David’s case is remarkable, but sadly it is just one story

COMMENT: In a truly progressive future, the government might look at Mr Fussell’s story and think about what talents are being wasted through our failure to tackle homelessness

Thursday, 10th August 2023

David Henry Fussell IMG_9708

David Fussell used to sleep outside the Heal’s furniture store in Tottenham Court Road

IT is wonderful news for David Fussell – the street homeless film director – that he has been accepted to study for a degree at university, (It’s university for homeless film director, August 4).

This move will bring the curtain down on ten years living in a tent in Tottenham Court Road and Fitzrovia.

For the first time in a decade he will have a roof over his head and – though saddled with a large debt through the student loan system – money to eat and live his life as he should be able to.
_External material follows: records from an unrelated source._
(* Let $n=p+q\geq 3$, let $\mathfrak g=\mathfrak{so}(p+1,q+1)$ with the $|1|$-grading described below, and let $Z\in\mathfrak g_1$ satisfy $\langle Z,Z\rangle\neq 0$. Then: (1) $0=C(Z)\subset F(Z)=\{X\in\mathfrak g_{-1}: ZX=\langle X,X\rangle=0\}$ and $T(Z)=\left\{\frac{2}{\langle Z,Z\rangle}\mathbb I Z^t\right\}$. (2) For the unique element $X\in T(Z)$, the bracket $A=[Z,X]\in\mathfrak g_0$ is twice the grading element of $\mathfrak g$. In particular, $A$ acts diagonalizably on $\mathfrak g_{-1}$ and on each $\mathbb W$ in the list below, all eigenvalues of $A$ on $\mathfrak g_{-1}$ are non-positive with $0$-eigenspace equal to $C(Z)$, $\mathbb W_{ss}(A)=0$, and $\bigcap_{X\in T(Z)}\mathbb W_{st}(A)=0$ for each such $\mathbb W$.
   Context: Let $\mathbb I=\mathrm{Id}_p\oplus(-\mathrm{Id}_q)$. Realize $\mathfrak g=\mathfrak{so}(p+1,q+1)$ as the matrices $\begin{pmatrix} a & Z & 0\\ X & A & -\mathbb I Z^t\\ 0 & -X^t\mathbb I & -a\end{pmatrix}$ with $a\in\mathbb R$, $X\in\mathbb R^n$ (column), $Z\in\mathbb R^{n*}$ (row), $A\in\mathfrak{so}(p,q)$; bracket is the matrix commutator. The components $\mathfrak g_{-1},\mathfrak g_0,\mathfrak g_1$ are given by $X$, $(A,a)$ and $Z$ respectively. $ZX$ is the real number given by the matrix product; $\langle X,Y\rangle=X^t\mathbb IY$ on $\mathfrak g_{-1}$ and $\langle Z,W\rangle=Z\mathbb IW^t$ on $\mathfrak g_1$. The grading element is the unique $E\in\mathfrak g$ with $\mathrm{ad}(E)=i$ on $\mathfrak g_i$, $i=-1,0,1$. For $Z\in\mathfrak g_1$: $C(Z)=\{X\in\mathfrak g_{-1}:[X,Z]=0\}$, $F(Z)=\{X\in\mathfrak g_{-1}:[X,[X,Z]]=0\}$, $T(Z)=\{X\in\mathfrak g_{-1}:[[Z,X],X]=-2X,\ [[Z,X],Z]=2Z\}$. The representations $\mathbb W$ of $\mathfrak g_0\cong\mathfrak{co}(p,q)$ carrying harmonic curvature: for $n\geq5$, the irreducible component of highest weight in $\Lambda^2\mathfrak g_1\otimes\mathfrak{so}(\mathfrak g_{-1})$ (Weyl tensors); for $n=3$, the irreducible component of highest weight in $\Lambda^2\mathfrak g_1\otimes\mathfrak g_1$ (Cotton–York tensors); for $n=4$, the two components of the Weyl-tensor space corresponding to the self-dual and anti-self-dual parts of $\Lambda^2\mathfrak g_1$. For $A$ acting diagonalizably on $\mathbb W$, $\mathbb W_{ss}(A)$ (resp. $\mathbb W_{st}(A)$) is the sum of the eigenspaces with negative (resp. non-positive) eigenvalues. *)

theory Defs
  imports "HOL-Analysis.Analysis"
begin

text \<open>The signature
  is fixed by a set P of indices: the diagonal of the matrix II is +1 on P and -1
  off P (so p = card P, q = n - card P).  Matrices of size (n+2) are indexed by
  'n + bool, where Inr True is the first row/column and Inr False the last.\<close>

definition eps :: "('n::finite) set \<Rightarrow> 'n \<Rightarrow> real" where
  "eps P i = (if i \<in> P then 1 else -1)"

definition Ibb :: "('n::finite) set \<Rightarrow> real^'n^'n" where
  "Ibb P = (\<chi> i j. if i = j then eps P i else 0)"

definition so_pq :: "('n::finite) set \<Rightarrow> real^'n^'n \<Rightarrow> bool" where
  "so_pq P A \<longleftrightarrow> transpose A ** Ibb P + Ibb P ** A = 0"

text \<open>The block matrix  [[a, Z, 0], [X, A, -II Z^t], [0, -X^t II, -a]].
  Both the column X and the row Z are represented by vectors in real^'n.\<close>
definition genmat :: "('n::finite) set \<Rightarrow> real \<Rightarrow> real^'n \<Rightarrow> real^'n^'n \<Rightarrow> real^'n
      \<Rightarrow> real^('n + bool)^('n + bool)" where
  "genmat P a X A Z = (\<chi> r c. case (r, c) of
      (Inr True, Inr True) \<Rightarrow> a
    | (Inr True, Inl j) \<Rightarrow> Z $ j
    | (Inl i, Inr True) \<Rightarrow> X $ i
    | (Inl i, Inl j) \<Rightarrow> A $ i $ j
    | (Inl i, Inr False) \<Rightarrow> - ((Ibb P *v Z) $ i)
    | (Inr False, Inl j) \<Rightarrow> - ((X v* Ibb P) $ j)
    | (Inr False, Inr False) \<Rightarrow> - a
    | _ \<Rightarrow> 0)"

definition gpq :: "('n::finite) set \<Rightarrow> (real^('n + bool)^('n + bool)) set" where
  "gpq P = {genmat P a X A Z | a X A Z. so_pq P A}"

definition br :: "real^('m::finite)^'m \<Rightarrow> real^'m^'m \<Rightarrow> real^'m^'m" where
  "br M N = M ** N - N ** M"

definition gm1 :: "('n::finite) set \<Rightarrow> real^'n \<Rightarrow> real^('n + bool)^('n + bool)" where
  "gm1 P X = genmat P 0 X 0 0"

definition gp1 :: "('n::finite) set \<Rightarrow> real^'n \<Rightarrow> real^('n + bool)^('n + bool)" where
  "gp1 P Z = genmat P 0 0 0 Z"

definition g_minus :: "('n::finite) set \<Rightarrow> (real^('n + bool)^('n + bool)) set" where
  "g_minus P = range (gm1 P)"

definition g_plus :: "('n::finite) set \<Rightarrow> (real^('n + bool)^('n + bool)) set" where
  "g_plus P = range (gp1 P)"

definition g_zero :: "('n::finite) set \<Rightarrow> (real^('n + bool)^('n + bool)) set" where
  "g_zero P = {genmat P a 0 A 0 | a A. so_pq P A}"

text \<open>ZX is the matrix product (row times column); the forms on g_{-1} and g_1
  are X^t II Y and Z II W^t, both given by the same coordinate formula.\<close>
definition form_pq :: "('n::finite) set \<Rightarrow> real^'n \<Rightarrow> real^'n \<Rightarrow> real" where
  "form_pq P X Y = X \<bullet> (Ibb P *v Y)"

definition grading_element :: "('n::finite) set \<Rightarrow> real^('n + bool)^('n + bool)" where
  "grading_element P = (THE E. E \<in> gpq P
      \<and> (\<forall>x\<in>g_minus P. br E x = - x)
      \<and> (\<forall>x\<in>g_zero P. br E x = 0)
      \<and> (\<forall>x\<in>g_plus P. br E x = x))"

definition CZ :: "('n::finite) set \<Rightarrow> real^('n + bool)^('n + bool) \<Rightarrow> (real^('n + bool)^('n + bool)) set" where
  "CZ P Zm = {x \<in> g_minus P. br x Zm = 0}"

definition FZ :: "('n::finite) set \<Rightarrow> real^('n + bool)^('n + bool) \<Rightarrow> (real^('n + bool)^('n + bool)) set" where
  "FZ P Zm = {x \<in> g_minus P. br x (br x Zm) = 0}"

definition TZ :: "('n::finite) set \<Rightarrow> real^('n + bool)^('n + bool) \<Rightarrow> (real^('n + bool)^('n + bool)) set" where
  "TZ P Zm = {x \<in> g_minus P. br (br Zm x) x = (-2) *\<^sub>R x \<and> br (br Zm x) Zm = 2 *\<^sub>R Zm}"

definition eigsp :: "'v::real_vector set \<Rightarrow> ('v \<Rightarrow> 'v) \<Rightarrow> real \<Rightarrow> 'v set" where
  "eigsp W f c = {w \<in> W. f w = c *\<^sub>R w}"

definition diag_on :: "'v::real_vector set \<Rightarrow> ('v \<Rightarrow> 'v) \<Rightarrow> bool" where
  "diag_on W f \<longleftrightarrow> subspace W \<and> linear f \<and> (\<forall>w\<in>W. f w \<in> W)
       \<and> W \<subseteq> span (\<Union>c. eigsp W f c)"

definition W_ss :: "'v::real_vector set \<Rightarrow> ('v \<Rightarrow> 'v) \<Rightarrow> 'v set" where
  "W_ss W f = span (\<Union>c\<in>{c. c < 0}. eigsp W f c)"

definition W_st :: "'v::real_vector set \<Rightarrow> ('v \<Rightarrow> 'v) \<Rightarrow> 'v set" where
  "W_st W f = span (\<Union>c\<in>{c. c \<le> 0}. eigsp W f c)"

definition m1coord :: "real^('n::finite + bool)^('n + bool) \<Rightarrow> real^'n" where
  "m1coord M = (\<chi> i. M $ Inl i $ Inr True)"

definition rho :: "('n::finite) set \<Rightarrow> real^('n + bool)^('n + bool) \<Rightarrow> real^'n \<Rightarrow> real^'n" where
  "rho P D X = m1coord (br D (gm1 P X))"

text \<open>Using the g_0-equivariant duality g_1 = (g_{-1})^* (Z \<mapsto> (X \<mapsto> ZX)),
  an element of Lambda^2 g_1 (x) so(g_{-1}) is a tensor R (components R i j k l =
  l-th component of R(e_i,e_j)e_k) antisymmetric in i,j and with R(e_i,e_j)
  skew for the form; an element of Lambda^2 g_1 (x) g_1 is a tensor C i j k
  antisymmetric in i,j.\<close>

definition weyl_act :: "('n::finite) set \<Rightarrow> real^('n + bool)^('n + bool)
     \<Rightarrow> real^'n^'n^'n^'n \<Rightarrow> real^'n^'n^'n^'n" where
  "weyl_act P D R = (\<chi> i j k l.
       (\<Sum>m\<in>UNIV. rho P D (axis m 1) $ l * R $ i $ j $ k $ m)
     - (\<Sum>m\<in>UNIV. rho P D (axis i 1) $ m * R $ m $ j $ k $ l)
     - (\<Sum>m\<in>UNIV. rho P D (axis j 1) $ m * R $ i $ m $ k $ l)
     - (\<Sum>m\<in>UNIV. rho P D (axis k 1) $ m * R $ i $ j $ m $ l))"

definition cotton_act :: "('n::finite) set \<Rightarrow> real^('n + bool)^('n + bool)
     \<Rightarrow> real^'n^'n^'n \<Rightarrow> real^'n^'n^'n" where
  "cotton_act P D C = (\<chi> i j k.
     - (\<Sum>m\<in>UNIV. rho P D (axis i 1) $ m * C $ m $ j $ k)
     - (\<Sum>m\<in>UNIV. rho P D (axis j 1) $ m * C $ i $ m $ k)
     - (\<Sum>m\<in>UNIV. rho P D (axis k 1) $ m * C $ i $ j $ m))"

text \<open>Weyl tensors: the highest-weight component of Lambda^2 g_1 (x) so(g_{-1}),
  i.e. tensors of that space satisfying the first Bianchi identity and with
  vanishing Ricci contraction.\<close>
definition weyl_space :: "('n::finite) set \<Rightarrow> (real^'n^'n^'n^'n) set" where
  "weyl_space P = {R. (\<forall>i j k l. R $ i $ j $ k $ l = - R $ j $ i $ k $ l)
     \<and> (\<forall>i j k l. eps P l * R $ i $ j $ k $ l = - (eps P k * R $ i $ j $ l $ k))
     \<and> (\<forall>i j k l. R $ i $ j $ k $ l + R $ j $ k $ i $ l + R $ k $ i $ j $ l = 0)
     \<and> (\<forall>j k. (\<Sum>i\<in>UNIV. R $ i $ j $ k $ i) = 0)}"

text \<open>Cotton--York tensors: the highest-weight component of Lambda^2 g_1 (x) g_1,
  i.e. antisymmetric in the first pair, with vanishing cyclic sum and vanishing
  trace (contraction of the first and third slot with the form).\<close>
definition cotton_space :: "('n::finite) set \<Rightarrow> (real^'n^'n^'n) set" where
  "cotton_space P = {C. (\<forall>i j k. C $ i $ j $ k = - C $ j $ i $ k)
     \<and> (\<forall>i j k. C $ i $ j $ k + C $ j $ k $ i + C $ k $ i $ j = 0)
     \<and> (\<forall>j. (\<Sum>i\<in>UNIV. eps P i * C $ i $ j $ i) = 0)}"

definition g0_invariant :: "('n::finite) set \<Rightarrow> (real^('n + bool)^('n + bool) \<Rightarrow> 'v \<Rightarrow> 'v) \<Rightarrow> 'v set \<Rightarrow> bool" where
  "g0_invariant P act W \<longleftrightarrow> (\<forall>D\<in>g_zero P. \<forall>w\<in>W. act D w \<in> W)"

definition harm_concl :: "('n::finite) set \<Rightarrow> (real^('n + bool)^('n + bool) \<Rightarrow> 'v::real_vector \<Rightarrow> 'v)
    \<Rightarrow> 'v set \<Rightarrow> real^('n + bool)^('n + bool) \<Rightarrow> real^('n + bool)^('n + bool) \<Rightarrow> bool" where
  "harm_concl P act W Zm A \<longleftrightarrow> diag_on W (act A) \<and> W_ss W (act A) = {0}
     \<and> (\<Inter>X\<in>TZ P Zm. W_st W (act (br Zm X))) = {0}"

end

theory Submission
  imports Defs
begin

(* Identify X in g_{-1} and Z in g_1 with vectors x, z in R^n.  A direct matrix computation gives
     [X,[X,Z]] = -2 (z.x) x + <x,x> II z    in g_{-1},
     [[X,Z],Z] = <z,z> II x - 2 (z.x) z     in g_1,
   and [X,Z] has g_0-components a = -(z.x) and x z - II z^t x^t II.  Since <z,z> <> 0,
   contracting the latter with II z shows C(Z) = 0; pairing the first bracket with z and with
   II x gives F(Z); and the two equations defining T(Z) force x = 2 II z / <z,z>.  For this x the
   so(p,q)-component vanishes and z.x = 2, so [Z,X] = 2E.  Then [Z,X] acts on g_{-1} by the
   scalar -2, and on the tensor spaces built from copies of g_1 by positive scalars (4 on Weyl
   tensors, 6 on Cotton-York tensors), which yields all spectral statements at once. *)

section \<open>Block coordinates on so(p+1,q+1)\<close>

lemma sum_UNIV_sum_bool:
  "(\<Sum>x\<in>(UNIV::('a::finite + bool) set). f x) = (\<Sum>i\<in>UNIV. f (Inl i)) + f (Inr True) + f (Inr False)"
proof -
  have U: "(UNIV::('a + bool) set) = Inl ` UNIV \<union> Inr ` {True, False}"
    by (auto simp: UNIV_bool) (metis range_eqI sum.exhaust)
  show ?thesis
    unfolding U by (subst sum.union_disjoint) (auto simp: sum.reindex add.assoc)
qed

lemma eps_mult_eps [simp]:
  "eps P i * eps P i = 1" "eps P i * (eps P i * x) = x" "eps P i * x * (eps P i * y) = x * y"
  by (auto simp: eps_def)

lemma Ibb_mult_vec [simp]: "(Ibb P *v z) $ i = eps P i * z $ i"
  by (simp add: Ibb_def matrix_vector_mult_def if_distrib if_distribR cong: if_cong)

lemma vec_mult_Ibb [simp]: "(z v* Ibb P) $ i = eps P i * z $ i"
  by (simp add: Ibb_def vector_matrix_mult_def if_distrib if_distribR cong: if_cong)

lemma matrix_mult_Ibb_nth [simp]: "(M ** Ibb P) $ i $ j = M $ i $ j * eps P j"
  by (simp add: Ibb_def matrix_matrix_mult_def if_distrib if_distribR cong: if_cong)

lemma Ibb_mult_matrix_nth [simp]: "(Ibb P ** M) $ i $ j = eps P i * M $ i $ j"
  by (simp add: Ibb_def matrix_matrix_mult_def if_distrib if_distribR cong: if_cong)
Over the years he has seen his dream of his horror film – shot before he became homeless – being shown in a proper cinema.

And despite what has been a hard period in his life, he has never given up on creative pursuits – either through music or art or cinema.

But those reading the story should not assume that every person on the street can find a route out in the same manner as Mr Fussell. There is no easy map.

People look with disdain on our other neighbours on Camden streets and wrongly think to themselves: ‘why can’t you do something like that?’

Services do exist, but they are threadbare and by no means a panacea, particularly for the kind of people who have lost so much hope.

Almost everyone after a few days on the street would find themselves so beaten down it would be hard to think straight let alone mastermind a way out.

Many find some solace in escapism of drugs and alcohol, and become dependent and desperate. Depression and mental health conditions dominate and, without help, become entrenched. So many people are trapped in a world of pain and neglect.

Faced with this reality, who could blame anyone who did not get up each day and with relentless optimism search for a way to change things?

In a truly progressive future, the government might look at Mr Fussell’s story and think about what talents are being wasted through our failure to tackle homelessness in this country – and make it a priority to find solutions.

Jeremy Corbyn – in his manifesto for the 2019 election – had said a Labour government would “end homelessness”. The current stewards of the party are, intentionally we must assume, not making any bold statements like that.

In fact, the shadow culture secretary Lucy Powell is already trotting out the line ‘there’s no money left’ for a new Labour administration.

They must know, deep down, they can do better than that and now is the time to be saying sleeping bags on our streets shall no longer be accepted as the norm, as simply a part of life.

We wish Mr Fussell all the best with his new life in Cornwall, while knowing that he is a special case.